一方で、がん細胞が基底膜を破って乳管の外側の組織へ広がった状態を「浸潤がん」と呼びます。中でも最も頻度が高い浸潤性乳管癌の特徴は、周囲の血管やリンパ管を通じてリンパ節や他臓器へ微小転移を起こす可能性がある点です。そのため、手術だけでなく全身を巡る薬物療法が必要かどうかの見極めが欠かせません。
組織を顕微鏡で観察した際には、がん細胞の顔つきや分裂の活発さを示す乳がん悪性度(グレード1〜3)も判定されます。グレード1はおとなしいタイプ、グレード3は増殖スピードが速いタイプとされ、後述するサブタイプ分類と併せて治療戦略を決める材料になります。
乳がんサブタイプ分類とは?ホルモン受容体とHER2による4つの種類

現在の乳がん治療において、手術方針と同じかそれ以上に重視されるのが乳がんサブタイプ分類です。
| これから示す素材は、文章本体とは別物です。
lemma scaleC_diff_right: "scaleC a (x - y) = scaleC a x - scaleC a (y::'a::complex_vector)"
  by (metis diff_conv_add_uminus scaleC_add_right scaleC_minus_right)

lemma scaleC_diff_left: "scaleC (a - b) x = scaleC a x - scaleC b (x::'a::complex_vector)"
  by (metis diff_conv_add_uminus scaleC_add_left scaleC_minus_left)

lemma cinner_add_right: "cinner x (y + z) = cinner x y + cinner x (z::'a::complex_inner)"
  by (metis cinner_add_left cinner_commute complex_cnj_add)

lemma cinner_scaleC_right: "cinner x (scaleC r y) = r * cinner x (y::'a::complex_inner)"
  by (metis cinner_commute cinner_scaleC_left complex_cnj_cnj complex_cnj_mult)

lemma cinner_zero_left [simp]: "cinner 0 (y::'a::complex_inner) = 0"
  using cinner_add_left[of 0 0 y] by simp

lemma cinner_zero_right [simp]: "cinner y (0::'a::complex_inner) = 0"
  using cinner_add_right[of y 0 0] by simp

lemma cinner_diff_left: "cinner (x - z) (y::'a::complex_inner) = cinner x y - cinner z y"
  using cinner_add_left[of "x - z" z y] by simp

lemma cinner_diff_right: "cinner y (x - z) = cinner y x - cinner y (z::'a::complex_inner)"
  using cinner_add_right[of y "x - z" z] by simp

lemma cinner_sum_right: "cinner x (sum f A) = (\<Sum>i\<in>A. cinner x (f i::'a::complex_inner))"
  by (induction A rule: infinite_finite_induct) (simp_all add: cinner_add_right)

lemma norm_sq_cinner: "(norm x)^2 = Re (cinner x (x::'a::complex_inner))"
  using norm_eq_sqrt_cinner[of x] cinner_ge_zero[of x] by simp

lemma norm_sq_add:
  "(norm (a + b))^2 = (norm a)^2 + 2 * Re (cinner a b) + (norm (b::'a::complex_inner))^2"
proof -
  have "Re (cinner b a) = Re (cinner a b)"
    using cinner_commute[of b a] by simp
  then show ?thesis
    by (simp add: norm_sq_cinner cinner_add_left cinner_add_right)
qed

lemma cnj_mult_self: "cnj c * c = complex_of_real ((cmod c)^2)"
  by (metis complex_norm_square mult.commute of_real_power)

lemma norm_scaleC: "norm (scaleC c x) = cmod c * norm (x::'a::complex_inner)"
proof -
  have "cinner (scaleC c x) (scaleC c x) = (cnj c * c) * cinner x x"
    by (simp add: cinner_scaleC_left cinner_scaleC_right mult.assoc)
  then have "(norm (scaleC c x))^2 = (cmod c)^2 * (norm x)^2"
    by (simp add: norm_sq_cinner cnj_mult_self)
  also have "\<dots> = (cmod c * norm x)^2"
    by (simp add: power_mult_distrib)
  finally show ?thesis
    by (simp add: power2_eq_iff_nonneg)
qed

text \<open>If \<open>2 s X \<le> s\<^sup>2 Y\<close> for all \<open>s > 0\<close> then \<open>X \<le> 0\<close>: the linear term of a
  perturbation must vanish.\<close>
lemma nonpos_if_linear_le_quadratic:
  fixes X Y :: real
  assumes "\<And>s. s > 0 \<Longrightarrow> 2 * s * X \<le> s^2 * Y"
  shows "X \<le> 0"
proof (rule ccontr)
  assume "\<not> X \<le> 0"
  then have X: "X > 0" by simp
  define s where "s = X / (\<bar>Y\<bar> + 1)"
  have s: "s > 0" using X by (simp add: s_def)
  have "s * \<bar>Y\<bar> < X"
    using X by (simp add: s_def field_simps)
  have "2 * s * X \<le> s^2 * Y" using assms s by simp
  also have "\<dots> \<le> s * (s * \<bar>Y\<bar>)"
    using s by (simp add: power2_eq_square mult.assoc mult_left_mono)
  also have "\<dots> < s * X"
    using \<open>s * \<bar>Y\<bar> < X\<close> s by simp
  finally show False using s X by simp
qed

definition clinear :: "('a::complex_vector \<Rightarrow> 'b::complex_vector) \<Rightarrow> bool" where
  "clinear f \<longleftrightarrow> (\<forall>x y. f (x + y) = f x + f y) \<and> (\<forall>c x. f (scaleC c x) = scaleC c (f x))"

lemma clinear_add: "clinear f \<Longrightarrow> f (x + y) = f x + f y"
  by (simp add: clinear_def)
乳がん細胞の表面にある「受容体(レセプター)」を調べ、どの増殖シグナルを使って大きくなるかを特定します。検査で調べる主な要素は以下の3点です。
・ホルモン受容体陽性(エストロゲン受容体【ER】/プロゲステロン受容体【PgR】):女性ホルモンを取り込んで増殖する性質があるか
・HER2(ハーツー)タンパク:がん細胞の増殖に関わるタンパク質が過剰に出現しているか
・Ki-67値:がん細胞の増殖活性(細胞分裂の勢い)の高さ
これらを組み合わせることで、乳がんは主に以下の4つの基本サブタイプに分類されます。
1. ルミナルA型:ホルモン受容体陽性、HER2陰性、Ki-67低値(おとなしく増殖するタイプ)
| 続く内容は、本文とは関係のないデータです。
(* Let $n,p\ge 1$ be integers, let $q\in(0,\infty]$, and let $0\le \sigma\le B$. Then \[ \mathcal{E}_q^*(\sigma,B)\;\le\;\mathcal{E}_q(\sigma,B)\;\le\;16\,\mathcal{E}_q^*(\sigma,B). \]
   Context: For independent random vectors $\boldsymbol{X}_1,\dots,\boldsymbol{X}_n$ in $\mathbb{R}^p$ with joint law $P^n=\prod_{i=1}^n P_i$ and $\mathbb{E}[\boldsymbol{X}_i]=0$ for all $i$, write $X_i(j)$ for the $j$-th coordinate and set $\mathcal{V}(P^n)=\max_{1\le j\le p}\frac1n\sum_{i=1}^n\mathbb{E}[X_i(j)^2]$ and $\mathcal{D}_q(P^n)=\big(\frac1n\sum_{i=1}^n\mathbb{E}[\max_{1\le j\le p}|X_i(j)|^q]\big)^{1/q}$. For $q=\infty$, the constraint $\mathcal{D}_q(P^n)\le B$ means $\mathbb{P}(\max_{1\le i\le n}\|\boldsymbol{X}_i\|_\infty> B)=0$. Define \[ \mathcal{E}_q(\sigma,B)=\sup\Big\{\mathbb{E}_{P^n}\Big[\max_{1\le j\le p}\Big|\frac1n\sum_{i=1}^n X_i(j)\Big|\Big]:\ \mathcal{V}(P^n)\le\sigma^2,\ \mathcal{D}_q(P^n)\le B\Big\}, \] the supremum over all such laws of independent mean-zero random vectors. Let $\mathcal{P}_q(\sigma,B)$ be the set of probability distributions $P$ on $\mathbb{R}^p$ with $\mathbb{E}_P[\boldsymbol{X}]=0$, $\max_{1\le j\le p}\mathbb{E}_P[X(j)^2]\le\sigma^2$ and $(\mathbb{E}_P[\|\boldsymbol{X}\|_\infty^q])^{1/q}\le B$, and \[ \mathcal{E}_q^*(\sigma,B)=\sup\Big\{\mathbb{E}_P\Big[\Big\|\frac1n\sum_{i=1}^n\boldsymbol{X}_i\Big\|_\infty\Big]:\ \boldsymbol{X}_1,\dots,\boldsymbol{X}_n\overset{iid}{\sim}P,\ P\in\mathcal{P}_q(\sigma,B)\Big\}. \] *)

theory Defs
  imports "HOL-Probability.Probability"
begin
2. ルミナルB型:ホルモン受容体陽性で、HER2陽性またはKi-67高値(ホルモンで増殖するが増殖スピードがやや速いタイプ)
3. HER2陽性乳がん:ホルモン受容体陰性、HER2陽性(HER2タンパクの強いシグナルで急速に増殖するタイプ)
4. トリプルネガティブ乳がん:ER・PgR・HER2のすべてが陰性のタイプ
種類別の治療方針と抗がん剤選択|ルミナル・HER2・トリプルネガティブの違い

「乳がんの種類によって治療法や予後はどう変わるのか」という疑問の答えは、まさにこのサブタイプ分類の中にあります。タイプごとに効果的な薬剤が異なるため、抗がん剤の治療方針も画一的ではありません。
ルミナルA型・ルミナルB型は、女性ホルモンの分泌や働きを抑える「内分泌療法(ホルモン療法)」が治療の軸です。ルミナルA型は抗がん剤が効きにくくホルモン剤だけで十分に再発を予防できるケースが多いのに対し、増殖活性が高いルミナルB型ではホルモン剤に加えて抗がん剤(化学療法)の併用が検討されます。遺伝子検査(オンコタイプDXなど)を用いて、抗がん剤を上乗せすべきかを科学的に判定する手法も定着しています。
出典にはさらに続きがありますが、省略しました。